祠堂的铜铃在风里摇晃,发出细碎的声响。陆景渊站在石阶下,看着族老们簇拥着的青铜鼎,鼎里燃着的艾草香混着血腥气,让他脊背的骨缝突然泛起一阵熟悉的麻痒——那是体内煞心被气息惊扰的征兆。

“景渊回来了!”人群里有人喊了一声,原本肃穆的祠堂瞬间骚动起来。陆景渊能感觉到数十道目光落在自己身上,有担忧,有审视,还有藏在衣袍下悄悄握紧的法器。

沈砚秋捏了捏他的手心,腕间的光链微微发烫。两人从昆仑墟底回来时,天边刚泛起鱼肚白,此刻晨光正顺着祠堂的窗棂爬进来,在青砖地上投下斑驳的光影,将陆景渊瞳孔里尚未完全褪去的太极纹路照得清晰可见。

“这……这是煞心的纹路!”三长老突然指着他的眼睛,声音发颤,手里的拐杖重重戳在地上,“你果然被万煞侵蚀了!陆承宇当年就是这样……”

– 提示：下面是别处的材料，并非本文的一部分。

lemma energy_antimono: "t \<ge> t0 \<Longrightarrow> energy t \<le> energy t0"
proof -
  assume t: "t \<ge> t0"
  have "energy' s \<le> - 0 * energy s" if "s > t0" for s
  proof -
    have "0 \<le> kappa * utx2 s" using kappa_pos norms_nonneg(5)[of s] that by simp
    then show ?thesis using energy'_le[OF that] excess_dissipation_nonneg[OF that] by simp
  qed
  then have "energy t \<le> exp (- 0 * (t - t0)) * energy t0"
    using energy_deriv t by (intro exp_decay_if_deriv_le[where g' = energy']) auto
  then show ?thesis by simp
qed

lemma energy_nonneg: "t \<ge> t0 \<Longrightarrow> energy t \<ge> 0"
proof -
  assume t: "t \<ge> t0"
  have "k_F / 2 * ux2 t \<ge> 0" using k_F_pos norms_nonneg[OF t] by (intro mult_nonneg_nonneg) auto
  then show ?thesis using energy_ge[OF t] norms_nonneg[OF t] by linarith
qed

lemma u2_le_ux2: "t \<ge> t0 \<Longrightarrow> u2 t \<le> ux2 t"
proof -
  assume t: "t \<ge> t0"
  have "(1::real) \<le> pi\<^sup>2" using pi_gt3 by (intro one_le_power) simp
  then have "1 * u2 t \<le> pi\<^sup>2 * u2 t" using norms_nonneg[OF t] by (intro mult_right_mono) auto
  then show ?thesis using wirtinger_u[OF t] by simp
qed

lemma abs_u_ut_le_half: "t \<ge> t0 \<Longrightarrow> \<bar>u_ut t\<bar> \<le> (ux2 t + ut2 t) / 2"
proof -
  assume t: "t \<ge> t0"
  have "\<bar>u_ut t\<bar> \<le> sqrt (u2 t) * sqrt (ut2 t)"
    using abs_integral_mult_le_sqrt[OF slice_cont_u[OF t] slice_cont_ut[OF t]] unfolding u_ut_def u2_def ut2_def
    by simp
  also have "\<dots> \<le> (u2 t + ut2 t) / 2"
    using arith_geo_mean_sqrt[of "u2 t" "ut2 t"] norms_nonneg[OF t] by (simp add: real_sqrt_mult)
  also have "\<dots> \<le> (ux2 t + ut2 t) / 2" using u2_le_ux2[OF t] by simp
  finally show ?thesis .
qed

section \<open>A priori bounds\<close>

definition "Z t = (1 + Y t) powr (1 - beta)"
definition "Z' t = (1 - beta) * (1 + Y t) powr (- beta) * Y' t"

lemma Z_deriv:
  assumes t: "t \<ge> t0"
  shows "(Z has_real_derivative Z' t) (at t within {t0..})"
proof -
  have p: "1 + Y t > 0" using norms_nonneg[OF t] by simp
  have d1: "((\<lambda>z. z powr (1 - beta)) has_real_derivative (1 - beta) * (1 + Y t) powr (1 - beta - 1))
              (at (1 + Y t))"
    by (rule has_real_derivative_powr[OF p])
  have d2: "((\<lambda>s. 1 + Y s) has_real_derivative 0 + Y' t) (at t within {t0..})"
    by (intro derivative_intros Y_deriv t)
  show ?thesis
    using DERIV_chain2[where g="\<lambda>s. 1 + Y s" and x=t, OF d1 d2] unfolding Z_def[abs_def] Z'_def by simp
qed

context
  fixes \<alpha> :: real
  assumes \<alpha>: "\<alpha> > 0" and d0: "dsol t0 \<le> \<alpha>"
begin

lemma abs_u_t0_le: "x \<in> {0..1} \<Longrightarrow> \<bar>u x t0\<bar> \<le> \<alpha>"
proof -
  assume x: "x \<in> {0..1}"
  have "(u x t0)\<^sup>2 \<le> ux2 t0" by (rule u_square_le[OF order.refl x])
  also have "\<dots> \<le> (dsol t0)\<^sup>2" using dsol_square[OF order.refl] norms_nonneg[OF order.refl] by simp
  also have "\<dots> \<le> \<alpha>\<^sup>2" using d0 dsol_nonneg[OF order.refl] by (simp add: power_mono)
  finally have "\<bar>u x t0\<bar>\<^sup>2 \<le> \<alpha>\<^sup>2" by simp
  then show ?thesis by (rule power2_le_imp_le) (use \<alpha> in auto)
qed

lemma energy_t0_le: "energy t0 \<le> energy_coeff \<alpha> * \<alpha>\<^sup>2"
proof -
  note nn = norms_nonneg[OF order.refl] and ec = energy_coeff_ge[OF \<alpha>]
  have "energy t0 \<le> ut2 t0 / 2 + ux2 t0 / 2 + abs_bound F' \<alpha> / 2 * u2 t0"
    using primitive_ge_if_deriv_bounded[OF F_deriv F0 abs_bound_F'_alpha(1)[OF \<alpha>] G_deriv G0] abs_u_t0_le
    by (intro energy_le_if_G_ge) auto
  also have "\<dots> \<le> energy_coeff \<alpha> * (u2 t0 + ux2 t0 + uxx2 t0 + ut2 t0)"
  proof -
    have "ut2 t0 / 2 \<le> energy_coeff \<alpha> * ut2 t0" "ux2 t0 / 2 \<le> energy_coeff \<alpha> * ux2 t0"
      "abs_bound F' \<alpha> / 2 * u2 t0 \<le> energy_coeff \<alpha> * u2 t0" "0 \<le> energy_coeff \<alpha> * uxx2 t0"
      using mult_right_mono[OF ec(1) nn(4)] mult_right_mono[OF ec(1) nn(2)]
        mult_right_mono[OF ec(2) nn(1)] ec nn by simp_all
    then show ?thesis by (simp add: algebra_simps)
  qed
  also have "\<dots> = energy_coeff \<alpha> * (dsol t0)\<^sup>2" using dsol_square[OF order.refl] by simp
  also have "\<dots> \<le> energy_coeff \<alpha> * \<alpha>\<^sup>2"
    using d0 dsol_nonneg[OF order.refl] ec by (intro mult_left_mono power_mono) auto
  finally show ?thesis .
qed
lemma packed_join_inversive_family:
  assumes "ball_packable3 (join_verts V W) (join_edges V E W F)"
  obtains x where "packing_family (V <+> W) x"
    and "\<And>u v. u \<in> V <+> W \<Longrightarrow> v \<in> V <+> W \<Longrightarrow> u \<noteq> v \<Longrightarrow>
      join_edges V E W F u v \<longleftrightarrow> lorentz (x u) (x v) = -1 \<and> x v \<noteq> - x u"
proof -
  obtain bl where valid: "\<forall>u\<in>V <+> W. valid_ball3 (bl u)"
    and disj: "\<forall>u\<in>V <+> W. \<forall>v\<in>V <+> W. u \<noteq> v \<longrightarrow> ball3_interior (bl u) \<inter> ball3_interior (bl v) = {}"
    and tang: "\<forall>u\<in>V <+> W. \<forall>v\<in>V <+> W. u \<noteq> v \<longrightarrow> (join_edges V E W F u v \<longleftrightarrow> tangent3 (bl u) (bl v))"
    using assms unfolding ball_packable3_def join_verts_def by (elim exE conjE) (rule that, assumption+)
  show ?thesis
  proof (rule that[of "\<lambda>u. inversive_coords (bl u)"])
    show "packing_family (V <+> W) (\<lambda>u. inversive_coords (bl u))"
      using ball_packing_inversive[OF valid disj] .
    fix u v assume uv: "u \<in> V <+> W" "v \<in> V <+> W" "u \<noteq> v"
    then have "valid_ball3 (bl u)" "valid_ball3 (bl v)" "ball3_interior (bl u) \<inter> ball3_interior (bl v) = {}"
      using valid disj by blast+
    moreover have "join_edges V E W F u v \<longleftrightarrow> tangent3 (bl u) (bl v)"
      by (rule tang[rule_format, OF uv])
    ultimately show "join_edges V E W F u v \<longleftrightarrow>
        lorentz (inversive_coords (bl u)) (inversive_coords (bl v)) = -1
        \<and> inversive_coords (bl v) \<noteq> - inversive_coords (bl u)"
      using inversive_coords_packing_pair[of "bl u" "bl v"] by simp
  qed
qed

人群顿时炸开了锅。有人往后退了半步,有人抽出了腰间的短刀,刀身反射的阳光晃得人睁不开眼。陆景渊想起父亲被囚禁在冰封祭坛时,族人们也是这样的眼神,像是在看一头随时会失控的凶兽。

“他没有!”沈砚秋往前一步,将陆景渊护在身后,手腕上的光链突然亮起,淡金色的光芒笼罩住两人,“双生煞心本就与守界人血脉同源,景渊是接纳了煞心,不是被侵蚀!”

她从怀里掏出那枚合一的玉佩,玉佩在晨光下流转着温润的光泽,陆、沈两家的图腾交缠在一起,隐隐有血脉之力在其中流动:“这是我娘和景渊父亲留下的信物,里面藏着二十年前的真相。”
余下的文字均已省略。